AGNC Investment has had to cut its dividend in the past when its returns fell below its costs. Because of that, the REIT isn't the best dividend stock for those seeking a highly sustainable income stream.

A healthy monthly dividend stock

Healthpeak Realty is a healthcare REIT. It has a diversified portfolio of outpatient medical, lab, and senior housing properties. Its outpatient medical portfolio provides it with stable and steadily rising cash flow (five-to-seven-year lease terms with contractual annual rental increases). The lab properties drive strong rent growth due to the demand for space in these facilities (11% rental increase on new and renewal leases signed last quarter).

Meanwhile, the senior housing portfolio benefits from growing demand as the population ages. The REIT's stable and growing rental income supports its high-yielding monthly dividend (6.9% current yield).

Whereas AGNC Investment's income can fluctuate with market conditions, Healthpeak's rental income is rising. Its adjusted funds from operations (FFO) has grown 19% over the past three years, driven by its merger with Physicians Realty Trust, rent growth, and investments to expand its portfolio. It expects to generate between $1.81 and $1.87 per share of FFO as adjusted this year, more than enough to cover its $1.22-per-share dividend outlay. That gives it a big cushion while enabling the REIT to retain cash to fund new investments.

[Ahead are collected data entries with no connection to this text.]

section \<open>Orthogonal complements\<close>

definition H2_subspace :: "(nat \<Rightarrow> complex) set \<Rightarrow> bool" where
  "H2_subspace V \<longleftrightarrow> V \<subseteq> H2 \<and> (\<lambda>k. 0) \<in> V \<and> (\<forall>u\<in>V. \<forall>v\<in>V. (\<lambda>k. u k + v k) \<in> V)
     \<and> (\<forall>c. \<forall>v\<in>V. (\<lambda>k. c * v k) \<in> V)"

lemma
  assumes "H2_subspace V"
  shows H2_subspace_subset: "V \<subseteq> H2"
    and H2_subspace_zero: "(\<lambda>k. 0) \<in> V"
    and H2_subspace_add: "u \<in> V \<Longrightarrow> v \<in> V \<Longrightarrow> (\<lambda>k. u k + v k) \<in> V"
    and H2_subspace_scale: "v \<in> V \<Longrightarrow> (\<lambda>k. c * v k) \<in> V"
  using assms by (auto simp: H2_subspace_def)

lemma H2_norm_diff_power2_le_if_almost_minimal:
  assumes "f \<in> H2" and "a \<in> H2" and "b \<in> H2"
    and "d \<le> (H2_norm (\<lambda>k. f k - (a k + b k) / 2))\<^sup>2"
    and "(H2_norm (\<lambda>k. f k - a k))\<^sup>2 \<le> d + x" and "(H2_norm (\<lambda>k. f k - b k))\<^sup>2 \<le> d + y"
  shows "(H2_norm (\<lambda>k. a k - b k))\<^sup>2 \<le> 2 * (x + y)"
proof -
  have fa: "(\<lambda>k. f k - a k) \<in> H2" and fb: "(\<lambda>k. f k - b k) \<in> H2"
    using assms(1-3) by (auto intro: H2_diff)
  have ab: "(\<lambda>k. (a k + b k) / 2) \<in> H2"
    using H2_scale(1)[OF H2_add(1)[OF assms(2,3)], of "1 / 2"] by simp
  have "(\<lambda>k. (f k - a k) + (f k - b k)) = (\<lambda>k. 2 * (f k - (a k + b k) / 2))"
    by (simp add: fun_eq_iff algebra_simps)
  then have "H2_norm (\<lambda>k. (f k - a k) + (f k - b k)) = 2 * H2_norm (\<lambda>k. f k - (a k + b k) / 2)"
    using H2_scale(2)[OF H2_diff(1)[OF assms(1) ab], of 2] by simp
  then have "4 * d \<le> (H2_norm (\<lambda>k. (f k - a k) + (f k - b k)))\<^sup>2"
    using assms(4) by (simp add: power_mult_distrib)
  moreover have "H2_norm (\<lambda>k. (f k - a k) - (f k - b k)) = H2_norm (\<lambda>k. a k - b k)"
    by (subst H2_norm_minus_commute) simp
  ultimately show ?thesis
    using H2_parallelogram[OF fa fb] assms(5,6) by (smt (verit))
qed

lemma H2_minimizing_sequence_converges:
  assumes V: "H2_subspace V" and f: "f \<in> H2"
    and min: "\<And>g. g \<in> V \<Longrightarrow> d \<le> (H2_norm (\<lambda>k. f k - g k))\<^sup>2"
    and G: "\<And>n. G n \<in> V" and near: "\<And>n. (H2_norm (\<lambda>k. f k - G n k))\<^sup>2 \<le> d + e n"
    and e: "e \<longlonglongrightarrow> 0"
  obtains p where "p \<in> H2" and "(\<lambda>n. H2_norm (\<lambda>k. G n k - p k)) \<longlonglongrightarrow> 0"
proof (rule H2_complete)
  have GH2: "G n \<in> H2" for n
    using G H2_subspace_subset[OF V] by blast
  have "(\<lambda>k. (1 / 2) * (G m k + G n k)) \<in> V" for m n
    using G by (intro H2_subspace_scale[OF V] H2_subspace_add[OF V])
  then have "d \<le> (H2_norm (\<lambda>k. f k - (G m k + G n k) / 2))\<^sup>2" for m n
    using min by simp
  then have bound: "(H2_norm (\<lambda>k. G m k - G n k))\<^sup>2 \<le> 2 * (e m + e n)" for m n
    using H2_norm_diff_power2_le_if_almost_minimal[OF f GH2 GH2 _ near near] by blast
  show "\<exists>N. \<forall>m\<ge>N. \<forall>n\<ge>N. H2_norm (\<lambda>k. G m k - G n k) < \<epsilon>" if "0 < \<epsilon>" for \<epsilon>
  proof -
    have "\<forall>\<^sub>F n in sequentially. e n < \<epsilon>\<^sup>2 / 4"
      using e that by (intro order_tendstoD) auto
    then obtain N where N: "\<And>n. n \<ge> N \<Longrightarrow> e n < \<epsilon>\<^sup>2 / 4"
      unfolding eventually_sequentially by blast
    have "H2_norm (\<lambda>k. G m k - G n k) < \<epsilon>" if "m \<ge> N" "n \<ge> N" for m n
    proof (rule power2_less_imp_less)
      show "(H2_norm (\<lambda>k. G m k - G n k))\<^sup>2 < \<epsilon>\<^sup>2"
        using bound[of m n] N[OF \<open>m \<ge> N\<close>] N[OF \<open>n \<ge> N\<close>] by (simp add: field_simps)
    qed (use \<open>0 < \<epsilon>\<close> in simp)
    then show ?thesis
      by blast
  qed
  show "G n \<in> H2" for n
    by (rule GH2)
qed (rule that)

lemma tendsto_H2_norm_diff:
  assumes "f \<in> H2" and "p \<in> H2" and "\<And>n. G n \<in> H2"
    and lim: "(\<lambda>n. H2_norm (\<lambda>k. G n k - p k)) \<longlonglongrightarrow> 0"
  shows "(\<lambda>n. H2_norm (\<lambda>k. f k - G n k)) \<longlonglongrightarrow> H2_norm (\<lambda>k. f k - p k)"
proof (rule LIM_zero_cancel, rule Lim_null_comparison[OF _ lim])
  have "\<bar>H2_norm (\<lambda>k. f k - G n k) - H2_norm (\<lambda>k. f k - p k)\<bar> \<le> H2_norm (\<lambda>k. G n k - p k)" for n
  proof -
    have fp: "(\<lambda>k. f k - p k) \<in> H2" and fG: "(\<lambda>k. f k - G n k) \<in> H2" and Gp: "(\<lambda>k. G n k - p k) \<in> H2"
      using assms by (auto intro: H2_diff)
    have "H2_norm (\<lambda>k. f k - G n k) \<le> H2_norm (\<lambda>k. f k - p k) + H2_norm (\<lambda>k. G n k - p k)"
      using H2_diff(2)[OF fp Gp] by simp
    moreover have "H2_norm (\<lambda>k. f k - p k) \<le> H2_norm (\<lambda>k. f k - G n k) + H2_norm (\<lambda>k. G n k - p k)"
      using H2_add(2)[OF fG Gp] by simp
    ultimately show ?thesis
      by linarith
  qed
  then show "\<forall>\<^sub>F n in sequentially.
      norm (H2_norm (\<lambda>k. f k - G n k) - H2_norm (\<lambda>k. f k - p k)) \<le> H2_norm (\<lambda>k. G n k - p k)"
    by simp
qed

lemma H2_minimizing_sequence_exists:
  assumes V: "H2_subspace V"
  obtains d G where "\<And>g. g \<in> V \<Longrightarrow> d \<le> (H2_norm (\<lambda>k. f k - g k))\<^sup>2" and "\<And>n. G n \<in> V"
    and "\<And>n. (H2_norm (\<lambda>k. f k - G n k))\<^sup>2 < d + inverse (real (Suc n))"
proof -
  define D where "D = (\<lambda>g. (H2_norm (\<lambda>k. f k - g k))\<^sup>2) ` V"
  have "D \<noteq> {}" and "bdd_below D"
    using H2_subspace_zero[OF V] by (auto simp: D_def intro: bdd_belowI[of _ 0])
  then have "Inf D \<le> (H2_norm (\<lambda>k. f k - g k))\<^sup>2" if "g \<in> V" for g
    using that by (intro cInf_lower) (auto simp: D_def)
  moreover have "\<exists>g\<in>V. (H2_norm (\<lambda>k. f k - g k))\<^sup>2 < Inf D + inverse (real (Suc n))" for n
    using cInf_lessD[OF \<open>D \<noteq> {}\<close>, of "Inf D + inverse (real (Suc n))"] by (auto simp: D_def)
  ultimately show ?thesis
    using that by metis
qed

lemma H2_best_approximation:
  assumes V: "H2_subspace V" and f: "f \<in> H2"
  obtains p where "p \<in> H2" and "\<And>\<epsilon>. 0 < \<epsilon> \<Longrightarrow> \<exists>g\<in>V. H2_norm (\<lambda>k. p k - g k) < \<epsilon>"
    and "\<And>v t. v \<in> V \<Longrightarrow> H2_norm (\<lambda>k. f k - p k) \<le> H2_norm (\<lambda>k. f k - p k - t * v k)"
proof -
  have VH2: "g \<in> H2" if "g \<in> V" for g
    using that H2_subspace_subset[OF V] by blast
  obtain d G where min: "\<And>g. g \<in> V \<Longrightarrow> d \<le> (H2_norm (\<lambda>k. f k - g k))\<^sup>2" and G: "\<And>n. G n \<in> V"
    and near: "\<And>n. (H2_norm (\<lambda>k. f k - G n k))\<^sup>2 < d + inverse (real (Suc n))"
    using H2_minimizing_sequence_exists[OF V] by blast
  obtain p where p: "p \<in> H2" and lim: "(\<lambda>n. H2_norm (\<lambda>k. G n k - p k)) \<longlonglongrightarrow> 0"
    using H2_minimizing_sequence_converges[OF V f min G less_imp_le[OF near] LIMSEQ_inverse_real_of_nat]
    by blast
  have norm_tendsto: "(\<lambda>n. (H2_norm (\<lambda>k. h k - G n k))\<^sup>2) \<longlonglongrightarrow> (H2_norm (\<lambda>k. h k - p k))\<^sup>2" if "h \<in> H2" for h
    using tendsto_H2_norm_diff[OF that p VH2[OF G] lim] by (rule tendsto_power)
  show ?thesis
  proof (rule that[OF p])
    fix \<epsilon> :: real
    assume "0 < \<epsilon>"
    with lim have "\<forall>\<^sub>F n in sequentially. H2_norm (\<lambda>k. G n k - p k) < \<epsilon>"
      by (rule order_tendstoD)
    then obtain n where "H2_norm (\<lambda>k. G n k - p k) < \<epsilon>"
      using eventually_sequentially by auto
    then show "\<exists>g\<in>V. H2_norm (\<lambda>k. p k - g k) < \<epsilon>"
      using G H2_norm_minus_commute by metis
  next
    fix v t
    assume v: "v \<in> V"
    have ftv: "(\<lambda>k. f k - t * v k) \<in> H2"
      using f VH2[OF v] by (intro H2_diff(1) H2_scale(1))
    have "(H2_norm (\<lambda>k. f k - p k))\<^sup>2 \<le> d"
    proof (rule LIMSEQ_le[OF norm_tendsto[OF f]])
      show "(\<lambda>n. d + inverse (real (Suc n))) \<longlonglongrightarrow> d"
        using tendsto_add[OF tendsto_const LIMSEQ_inverse_real_of_nat, of d] by simp
      show "\<exists>N. \<forall>n\<ge>N. (H2_norm (\<lambda>k. f k - G n k))\<^sup>2 \<le> d + inverse (real (Suc n))"
        using less_imp_le[OF near] by blast
    qed
    also have "d \<le> (H2_norm (\<lambda>k. f k - t * v k - p k))\<^sup>2"
    proof (rule LIMSEQ_le_const[OF norm_tendsto[OF ftv]])
      have "d \<le> (H2_norm (\<lambda>k. f k - (G n k + t * v k)))\<^sup>2" for n
        using G v by (intro min H2_subspace_add[OF V] H2_subspace_scale[OF V])
      moreover have "(\<lambda>k. f k - (G n k + t * v k)) = (\<lambda>k. f k - t * v k - G n k)" for n
        by (simp add: fun_eq_iff)
      ultimately show "\<exists>N. \<forall>n\<ge>N. d \<le> (H2_norm (\<lambda>k. f k - t * v k - G n k))\<^sup>2"
        by simp
    qed
    also have "(\<lambda>k. f k - t * v k - p k) = (\<lambda>k. f k - p k - t * v k)"
      by (simp add: fun_eq_iff)
    finally have "(H2_norm (\<lambda>k. f k - p k))\<^sup>2 \<le> (H2_norm (\<lambda>k. f k - p k - t * v k))\<^sup>2" .
    moreover have "0 \<le> H2_norm (\<lambda>k. f k - p k - t * v k)"
      using f p VH2[OF v] by (intro H2_norm_nonneg H2_diff(1) H2_scale(1))
    ultimately show "H2_norm (\<lambda>k. f k - p k) \<le> H2_norm (\<lambda>k. f k - p k - t * v k)"
      by (rule power2_le_imp_le)
  qed
qed
(* If $G$ is an $\alpha_i$-metric graph ($i\ge 0$ an integer), then its interval thinness is at most $i+1$; that is, for all vertices $u,v$ and every integer $k$ with $0<k<d(u,v)$, any two vertices $x,y\in I(u,v)$ with $d(u,x)=d(u,y)=k$ satisfy $d(x,y)\le i+1$.
   Context: All graphs are finite, connected, unweighted, undirected, simple; $d(u,v)$ is the shortest-path distance. $I(u,v)=\{x: d(u,x)+d(x,v)=d(u,v)\}$. A graph is $\alpha_i$-metric if for all vertices $u,v,w,x$: whenever $v\in I(u,w)$, $w\in I(v,x)$ and $v,w$ are adjacent, then $d(u,x)\ge d(u,v)+d(v,x)-i$. *)

theory Defs
  imports Main
begin

definition simple_graph :: "'a set \<Rightarrow> ('a \<Rightarrow> 'a \<Rightarrow> bool) \<Rightarrow> bool" where
  "simple_graph V E \<longleftrightarrow> finite V \<and> V \<noteq> {} \<and>
     (\<forall>x y. E x y \<longrightarrow> x \<in> V \<and> y \<in> V) \<and>
     (\<forall>x y. E x y \<longrightarrow> E y x) \<and> (\<forall>x. \<not> E x x)"

fun walk :: "('a \<Rightarrow> 'a \<Rightarrow> bool) \<Rightarrow> 'a list \<Rightarrow> bool" where
  "walk E [] = False"
| "walk E [x] = True"
| "walk E (x # y # xs) = (E x y \<and> walk E (y # xs))"

definition walk_of_len :: "('a \<Rightarrow> 'a \<Rightarrow> bool) \<Rightarrow> 'a \<Rightarrow> 'a \<Rightarrow> nat \<Rightarrow> bool" where
  "walk_of_len E u v n \<longleftrightarrow> (\<exists>xs. walk E xs \<and> hd xs = u \<and> last xs = v \<and> length xs = Suc n)"

definition connected_graph :: "'a set \<Rightarrow> ('a \<Rightarrow> 'a \<Rightarrow> bool) \<Rightarrow> bool" where
  "connected_graph V E \<longleftrightarrow> (\<forall>u\<in>V. \<forall>v\<in>V. \<exists>n. walk_of_len E u v n)"

text \<open>Shortest-path distance (meaningful for vertices of a connected graph).\<close>
definition dist :: "('a \<Rightarrow> 'a \<Rightarrow> bool) \<Rightarrow> 'a \<Rightarrow> 'a \<Rightarrow> nat" where
  "dist E u v = (LEAST n. walk_of_len E u v n)"

definition interval :: "'a set \<Rightarrow> ('a \<Rightarrow> 'a \<Rightarrow> bool) \<Rightarrow> 'a \<Rightarrow> 'a \<Rightarrow> 'a set" where
  "interval V E u v = {x\<in>V. dist E u x + dist E x v = dist E u v}"

definition alpha_metric :: "nat \<Rightarrow> 'a set \<Rightarrow> ('a \<Rightarrow> 'a \<Rightarrow> bool) \<Rightarrow> bool" where
  "alpha_metric i V E \<longleftrightarrow>
     (\<forall>u\<in>V. \<forall>v\<in>V. \<forall>w\<in>V. \<forall>x\<in>V.
        v \<in> interval V E u w \<and> w \<in> interval V E v x \<and> E v w \<longrightarrow>
        int (dist E u x) \<ge> int (dist E u v) + int (dist E v x) - int i)"

end

theory Submission
  imports Defs
begin

text \<open>Induction on the common distance of a and b to v. Vertices a, b of I(u,v) on one level
from u have neighbours a', b' in I(u,v) one level further, so inductively d(a',b') \<le> i + 1.
If h = d(a,b) > i + 1, then d(a',b) is h - 1, h + 1 or h. The alpha_i-metric inequality for the
edge a a' (with base points u and b, resp. b and v) gives h \<le> i in the first two cases; in
the third, d(a',b') = h - 1 and the inequality for the edge b b' gives h \<le> i + 1.\<close>

lemma walk_append:
  "walk E xs \<Longrightarrow> walk E ys \<Longrightarrow> last xs = hd ys \<Longrightarrow> walk E (xs @ tl ys)"
proof (induction E xs rule: walk.induct)
  case (2 E x)
  then show ?case
    by (cases ys) auto
qed auto

lemma walk_rev:
  "\<forall>x y. E x y \<longrightarrow> E y x \<Longrightarrow> walk E xs \<Longrightarrow> walk E (rev xs)"
proof (induction E xs rule: walk.induct)
  case (3 E x y xs)
  then have "walk E (rev (y # xs))" and "walk E [y, x]"
    by auto
  from walk_append[OF this] show ?case
    by simp
qed simp_all

lemma walk_of_len_trans:
  assumes "walk_of_len E a b n" and "walk_of_len E b c m"
  shows "walk_of_len E a c (n + m)"
proof -
  obtain xs where xs: "walk E xs" "hd xs = a" "last xs = b" "length xs = Suc n"
    using assms(1) unfolding walk_of_len_def by blast
  obtain ys where ys: "walk E ys" "hd ys = b" "last ys = c" "length ys = Suc m"
    using assms(2) unfolding walk_of_len_def by blast
  have "walk E (xs @ tl ys)"
    using walk_append xs ys by metis
  moreover have "hd (xs @ tl ys) = a" and "last (xs @ tl ys) = c"
    using xs ys by (cases xs; cases ys; auto)+
  moreover have "length (xs @ tl ys) = Suc (n + m)"
    using xs ys by simp
  ultimately show ?thesis
    unfolding walk_of_len_def by blast
qed

lemma walk_of_len_sym:
  assumes "\<forall>x y. E x y \<longrightarrow> E y x" and "walk_of_len E a b n"
  shows "walk_of_len E b a n"
proof -
  obtain xs where xs: "walk E xs" "hd xs = a" "last xs = b" "length xs = Suc n"
    using assms(2) unfolding walk_of_len_def by blast
  then have "hd (rev xs) = b" and "last (rev xs) = a"
    by (auto simp: hd_rev last_rev)
  then show ?thesis
    unfolding walk_of_len_def using walk_rev[OF assms(1) xs(1)] xs(4) by auto
qed

lemma dist_le_walk_of_len: "walk_of_len E a b n \<Longrightarrow> dist E a b \<le> n"
  unfolding dist_def by (rule Least_le)

lemma dist_self [simp]: "dist E a a = 0"
proof -
  have "walk_of_len E a a 0"
    unfolding walk_of_len_def by (intro exI[of _ "[a]"]) simp
  then show ?thesis
    using dist_le_walk_of_len by fastforce
qed

locale connected_simple_graph =
  fixes V :: "'a set" and E :: "'a \<Rightarrow> 'a \<Rightarrow> bool"
  assumes simple: "simple_graph V E" and connected: "connected_graph V E"
begin

lemma edge_sym: "E a b \<Longrightarrow> E b a"
  using simple unfolding simple_graph_def by blast

lemma edge_in_V: "E a b \<Longrightarrow> a \<in> V \<and> b \<in> V"
  using simple unfolding simple_graph_def by blast

lemma walk_of_len_dist: "a \<in> V \<Longrightarrow> b \<in> V \<Longrightarrow> walk_of_len E a b (dist E a b)"
  using connected unfolding connected_graph_def dist_def by (blast intro: LeastI_ex)

lemma dist_eq_0_iff:
  assumes "a \<in> V" and "b \<in> V"
  shows "dist E a b = 0 \<longleftrightarrow> a = b"
  using walk_of_len_dist[OF assms] by (auto simp: walk_of_len_def length_Suc_conv)

lemma dist_triangle:
  "a \<in> V \<Longrightarrow> b \<in> V \<Longrightarrow> c \<in> V \<Longrightarrow> dist E a c \<le> dist E a b + dist E b c"
  by (metis dist_le_walk_of_len walk_of_len_dist walk_of_len_trans)

lemma dist_commute: "a \<in> V \<Longrightarrow> b \<in> V \<Longrightarrow> dist E a b = dist E b a"
  by (metis antisym edge_sym dist_le_walk_of_len walk_of_len_dist walk_of_len_sym)

lemma dist_edge:
  assumes "E a b"
  shows "dist E a b = 1"
proof -
  have "walk_of_len E a b 1"
    unfolding walk_of_len_def using assms by (intro exI[of _ "[a, b]"]) simp
  moreover have "a \<noteq> b"
    using assms simple unfolding simple_graph_def by blast
  ultimately show ?thesis
    using dist_le_walk_of_len[of E a b 1] dist_eq_0_iff edge_in_V[OF assms] by fastforce
qed

lemma dist_edge_le:
  assumes "E a a'" and "b \<in> V"
  shows "dist E a b \<le> dist E a' b + 1" and "dist E a' b \<le> dist E a b + 1"
  using dist_triangle[of a a' b] dist_triangle[of a' a b] dist_edge[OF assms(1)]
    dist_edge[OF edge_sym[OF assms(1)]] edge_in_V[OF assms(1)] assms(2)
  by auto

lemma dist_Suc_obtain_neighbour:
  assumes "a \<in> V" and "b \<in> V" and "dist E a b = Suc m"
  obtains c where "E a c" and "dist E c b = m"
proof -
  obtain xs where xs: "walk E xs" "hd xs = a" "last xs = b" "length xs = Suc (Suc m)"
    using walk_of_len_dist[OF assms(1,2)] assms(3) unfolding walk_of_len_def by auto
  then obtain c ys where xs_eq: "xs = a # c # ys"
    by (cases xs; cases "tl xs") auto
  have "E a c"
    using xs(1) xs_eq by simp
  have "walk_of_len E c b m"
    unfolding walk_of_len_def using xs xs_eq by (intro exI[of _ "c # ys"]) auto
  then have "dist E c b \<le> m"
    by (rule dist_le_walk_of_len)
  moreover have "Suc m \<le> 1 + dist E c b"
    using dist_triangle[OF assms(1) _ assms(2), of c] dist_edge[OF \<open>E a c\<close>]
      edge_in_V[OF \<open>E a c\<close>] assms(3) by simp
  ultimately show thesis
    using that \<open>E a c\<close> by simp
qed

lemma interval_obtain_successor:
  assumes "x \<in> interval V E u v" and "u \<in> V" and "v \<in> V" and "dist E x v = Suc m"
  obtains x' where "E x x'" and "x' \<in> interval V E u v"
    and "dist E u x' = dist E u x + 1" and "dist E x' v = m"
proof -
  have "x \<in> V" and x_geodesic: "dist E u x + dist E x v = dist E u v"
    using assms(1) unfolding interval_def by auto
  obtain x' where "E x x'" and "dist E x' v = m"
    using dist_Suc_obtain_neighbour[OF \<open>x \<in> V\<close> assms(3,4)] by blast
  moreover have "x' \<in> V"
    using edge_in_V[OF \<open>E x x'\<close>] by blast
  moreover have "dist E u x' = dist E u x + 1"
    using dist_triangle[OF assms(2) \<open>x \<in> V\<close> \<open>x' \<in> V\<close>]
      dist_triangle[OF assms(2) \<open>x' \<in> V\<close> assms(3)]
      dist_edge[OF \<open>E x x'\<close>] \<open>dist E x' v = m\<close> assms(4) x_geodesic by simp
  ultimately show thesis
    using that x_geodesic assms(4) by (simp add: interval_def)
qed

end

locale alpha_metric_graph = connected_simple_graph +
  fixes i :: nat
  assumes alpha_metric: "alpha_metric i V E"
begin

lemma alpha_metric_edge:
  assumes "u \<in> V" and "x \<in> V" and "E v w"
    and "dist E u v + 1 = dist E u w" and "dist E w x + 1 = dist E v x"
  shows "dist E u v + dist E v x \<le> dist E u x + i"
proof -
  have "v \<in> V" and "w \<in> V"
    using edge_in_V[OF assms(3)] by auto
  have "v \<in> interval V E u w" and "w \<in> interval V E v x"
    using assms dist_edge[OF assms(3)] dist_edge[OF edge_sym[OF assms(3)]] \<open>v \<in> V\<close> \<open>w \<in> V\<close>
    by (simp_all add: interval_def)
  then show ?thesis
    using alpha_metric assms(1-3) \<open>v \<in> V\<close> \<open>w \<in> V\<close> unfolding alpha_metric_def by fastforce
qed

lemma level_dist_le_if_successors_close:
  assumes V: "u \<in> V" "v \<in> V" "a \<in> V" "b \<in> V"
    and "E a a'" and "E b b'"
    and level: "dist E u a = dist E u b"
    and a'_level: "dist E u a' = dist E u a + 1" and b'_level: "dist E u b' = dist E u b + 1"
    and co_level: "dist E a v = dist E b v" and a'_co_level: "dist E a' v + 1 = dist E a v"
    and successors_close: "dist E a' b' \<le> i + 1"
  shows "dist E a b \<le> i + 1"
proof (rule ccontr)
  assume far: "\<not> dist E a b \<le> i + 1"
  have "a' \<in> V" and "b' \<in> V"
    using edge_in_V \<open>E a a'\<close> \<open>E b b'\<close> by auto
  consider "dist E a' b + 1 = dist E a b" | "dist E a' b = dist E a b + 1"
    | "dist E a' b = dist E a b"
    using dist_edge_le[OF \<open>E a a'\<close> V(4)] by linarith
  then show False
  proof cases
    case 1
    then show False
      using alpha_metric_edge[OF V(1,4) \<open>E a a'\<close> _ 1] a'_level level far by simp
  next
    case 2
    then have "dist E b a + 1 = dist E b a'"
      using dist_commute V(3,4) \<open>a' \<in> V\<close> by simp
    then show False
      using alpha_metric_edge[OF V(4,2) \<open>E a a'\<close> _ a'_co_level] co_level far
        dist_commute[OF V(3,4)] by simp
  next
    case 3
    have "dist E b a' \<le> dist E b' a' + 1"
      using dist_edge_le(1)[OF \<open>E b b'\<close> \<open>a' \<in> V\<close>] .
    then have b'_between: "dist E b' a' + 1 = dist E b a'"
      using 3 successors_close far dist_commute V(4) \<open>a' \<in> V\<close> \<open>b' \<in> V\<close> by simp
    show False
      using alpha_metric_edge[OF V(1) \<open>a' \<in> V\<close> \<open>E b b'\<close> _ b'_between]
        b'_level a'_level level far 3
        dist_commute[OF V(4) \<open>a' \<in> V\<close>] by simp
  qed
qed

lemma interval_level_dist_le:
  assumes "u \<in> V" and "v \<in> V"
    and "a \<in> interval V E u v" and "b \<in> interval V E u v"
    and "dist E u a = dist E u b"
  shows "dist E a b \<le> i + 1"
  using assms(3-5)
proof (induction "dist E a v" arbitrary: a b)
  case 0
  then have "a = v" and "b = v"
    using dist_eq_0_iff assms(2) unfolding interval_def by auto
  then show ?case
    by simp
next
  case (Suc m)
  have "a \<in> V" and "b \<in> V"
    using Suc.prems unfolding interval_def by auto
  have co_level: "dist E a v = dist E b v"
    using Suc.prems unfolding interval_def by auto
  obtain a' where a': "E a a'" "a' \<in> interval V E u v" "dist E u a' = dist E u a + 1"
    "dist E a' v = m"
    using interval_obtain_successor[OF Suc.prems(1) assms(1,2) Suc.hyps(2)[symmetric]] .
  obtain b' where b': "E b b'" "b' \<in> interval V E u v" "dist E u b' = dist E u b + 1"
    using interval_obtain_successor[OF Suc.prems(2) assms(1,2)] Suc.hyps(2) co_level by metis
  have "dist E a' b' \<le> i + 1"
    using Suc.hyps(1)[OF a'(4)[symmetric] a'(2) b'(2)] a'(3) b'(3) Suc.prems(3) by simp
  then show ?case
    using level_dist_le_if_successors_close[OF assms(1,2) \<open>a \<in> V\<close> \<open>b \<in> V\<close> a'(1) b'(1)]
      Suc.prems(3) a'(3) b'(3) co_level a'(4) Suc.hyps(2) by simp
qed

end

theorem lemma2:
  fixes V :: "'a set" and E :: "'a \<Rightarrow> 'a \<Rightarrow> bool" and i :: nat
  assumes "simple_graph V E" and "connected_graph V E"
    and "alpha_metric i V E"
    and "u \<in> V" and "v \<in> V"
    and "0 < k" and "k < dist E u v"
    and "x \<in> interval V E u v" and "y \<in> interval V E u v"
    and "dist E u x = k" and "dist E u y = k"
  shows "dist E x y \<le> i + 1"
proof -
  interpret alpha_metric_graph V E i
    using assms(1-3) by unfold_locales
  show ?thesis
    using interval_level_dist_le[OF assms(4,5,8,9)] assms(10,11) by simp
qed

end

Healthpeak Properties has plenty of financial flexibility to continue expanding its portfolio. Its strong balance sheet currently provides it with $500 million to $1 billion of capacity to make accretive new investments. These growth investments, along with rising rental income, should enable the REIT to increase its high-yielding monthly dividend (it recently raised its payout by 2%).

A more bankable dividend stock

AGNC Investment offers investors a monster monthly income stream. The caveat is that the REIT's income is more volatile. If market conditions change, it might need to reduce its dividend to realign the payment with its income.

On the other hand, Healthpeak Properties produces stable and growing rental income. Because of that, its dividend is on a much more sustainable foundation. Further, given its rising rental income and capacity to fund new investments, the REIT should be able to increase its dividend in the future. That more sustainable and growing payout makes it a better option for most income-seeking investors.